lemma basic_op_in_clone_part: "opB s \<in> clone_part (basic_ops ar opB) (ar s)"
proof -
  let ?projs = "map (\<lambda>i xs. xs ! i) [0..<ar s]"
  have "in_clone (basic_ops ar opB) (ar s) (\<lambda>xs. opB s (map (\<lambda>h. h xs) ?projs))"
    by (rule in_clone.comp) (auto simp: basic_ops_def intro: in_clone.proj)
  moreover have "opB s xs = opB s (map (\<lambda>h. h xs) ?projs)" if "length xs = ar s" for xs
    using that[symmetric] by (simp add: comp_def map_nth)
  ultimately show ?thesis unfolding clone_part_def by blast
qed

lemma U_operation_cong:
  "(\<And>xs. length xs = k \<Longrightarrow> f xs = g xs) \<Longrightarrow> U_operation k f = U_operation k g"
  unfolding U_operation_def by simp

lemma Clo_eq_U_imp_U_operation:
  assumes "Clo_eq_U ar opB"
  shows "U_operation (ar s) (opB s)"
proof (cases "ar s = 0")
  case True
  (* Clo_eq_U compares positive arities only; a nullary operation is a constant anyway *)
  then show ?thesis unfolding U_operation_def by (metis length_0_conv)
next
  case False
  then have "clone_part (basic_ops ar opB) (ar s) = clone_part U_gens (ar s)"
    using assms unfolding Clo_eq_U_def by simp
  then have "opB s \<in> clone_part U_gens (ar s)"
    using basic_op_in_clone_part[of opB s ar] by simp
  then obtain g where "in_clone U_gens (ar s) g" "\<forall>xs. length xs = ar s \<longrightarrow> opB s xs = g xs"
    unfolding clone_part_def by blast
  then show ?thesis using in_clone_U_gens_imp_U_operation U_operation_cong by metis
qed

section \<open>Self-dual oracles\<close>

lemma finite_pow_carrier: "finite (pow_carrier n)"
  using finite_lists_length_eq[of "UNIV :: bool set" n] by (simp add: pow_carrier_def)

lemma card_pow_carrier: "card (pow_carrier n) = 2 ^ n"
  using card_lists_length_eq[of "UNIV :: bool set" n] by (simp add: pow_carrier_def)

lemma replicate_in_pow_carrier: "replicate n b \<in> pow_carrier n"
  by (simp add: pow_carrier_def)

definition self_dual :: "nat \<Rightarrow> (bool list \<Rightarrow> bool) \<Rightarrow> bool" where
  "self_dual n x \<longleftrightarrow> (\<forall>a. x a \<longrightarrow> a \<in> pow_carrier n) \<and> \<not> x (replicate n False) \<and>
     (\<forall>a\<in>pow_carrier n. x (map Not a) = (\<not> x a))"

lemma self_dual_replicate_True:
  assumes "self_dual n x" shows "x (replicate n True)"
proof -
  have "x (map Not (replicate n False)) = (\<not> x (replicate n False))"
    using assms replicate_in_pow_carrier unfolding self_dual_def by blast
  moreover have "\<not> x (replicate n False)" using assms by (simp add: self_dual_def)
  ultimately show ?thesis by simp
qed

lemma self_dual_pow_op:
  assumes g: "U_operation k g" and x: "self_dual n x"
    and vs: "length vs = k" "set vs \<subseteq> pow_carrier n"
  shows "x (map (\<lambda>j. g (map (\<lambda>v. v ! j) vs)) [0..<n]) = g (map x vs)"
  using g unfolding U_operation_def
proof (elim disjE exE conjE)
  fix b assume gb: "\<forall>xs. length xs = k \<longrightarrow> g xs = b"
  have "map (\<lambda>j. g (map (\<lambda>v. v ! j) vs)) [0..<n] = replicate n b"
    by (rule nth_equalityI) (simp_all add: gb vs)
  moreover have "g (map x vs) = b" by (simp add: gb vs)
  ultimately show ?thesis using x self_dual_replicate_True by (cases b) (auto simp: self_dual_def)
next
  fix i assume i: "i < k" and gi: "\<forall>xs. length xs = k \<longrightarrow> g xs = xs ! i"
  have "vs ! i \<in> pow_carrier n" using i vs by auto
  then have vi: "length (vs ! i) = n" by (simp add: pow_carrier_def)
  have "map (\<lambda>j. g (map (\<lambda>v. v ! j) vs)) [0..<n] = vs ! i"
    by (rule nth_equalityI) (simp_all add: gi vs vi i)
  then show ?thesis by (simp add: gi vs i)
next
  fix i assume i: "i < k" and gi: "\<forall>xs. length xs = k \<longrightarrow> g xs = (\<not> xs ! i)"
  have vi: "vs ! i \<in> pow_carrier n" using i vs by auto
  have "map (\<lambda>j. g (map (\<lambda>v. v ! j) vs)) [0..<n] = map Not (vs ! i)"
    by (rule nth_equalityI) (use vi in \<open>simp_all add: gi vs i pow_carrier_def\<close>)
  then show ?thesis using x vi by (simp add: gi vs i self_dual_def)
qed

(* B itself, its universe encoded as the set {0, 1} of naturals required of target algebras *)
definition bit_ops :: "('i \<Rightarrow> bool list \<Rightarrow> bool) \<Rightarrow> 'i \<Rightarrow> nat list \<Rightarrow> nat" where
  "bit_ops opB s cs = of_bool (opB s (map (\<lambda>c. c = 1) cs))"

definition bit_oracle :: "(bool list \<Rightarrow> bool) \<Rightarrow> bool list \<Rightarrow> nat" where
  "bit_oracle x a = of_bool (x a)"

lemma hkp_instance_self_dual:
  assumes U: "Clo_eq_U ar opB" and x: "self_dual n x" and M: "M \<ge> 2"
  shows "hkp_instance ar opB n M {0, 1} (bit_ops opB) (bit_oracle x)"
  unfolding hkp_instance_def
proof (intro conjI)
  show "{0, 1} \<subseteq> {..<M}" using M by auto
  show "is_algebra ar {0, 1} (bit_ops opB)" by (simp add: is_algebra_def bit_ops_def)
  have "bit_oracle x (pow_ops n opB s vs) = bit_ops opB s (map (bit_oracle x) vs)"
    if "length vs = ar s" "set vs \<subseteq> pow_carrier n" for s vs
  proof -
    have "map (\<lambda>c. c = 1) (map (bit_oracle x) vs) = map x vs" by (simp add: bit_oracle_def)
    then have "bit_ops opB s (map (bit_oracle x) vs) = of_bool (opB s (map x vs))"
      by (simp only: bit_ops_def)
    then show ?thesis
      using self_dual_pow_op[OF Clo_eq_U_imp_U_operation[OF U] x that]
      by (simp add: bit_oracle_def pow_ops_def)
  qed
  then show "alg_hom ar (pow_carrier n) (pow_ops n opB) {0, 1} (bit_ops opB) (bit_oracle x)"
    by (simp add: alg_hom_def bit_oracle_def)
qed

====

Look for the string "intro" in the entries above. Copy every line that has it.

    by (rule in_clone.comp) (auto simp: basic_ops_def intro: in_clone.proj)
proof (intro conjI)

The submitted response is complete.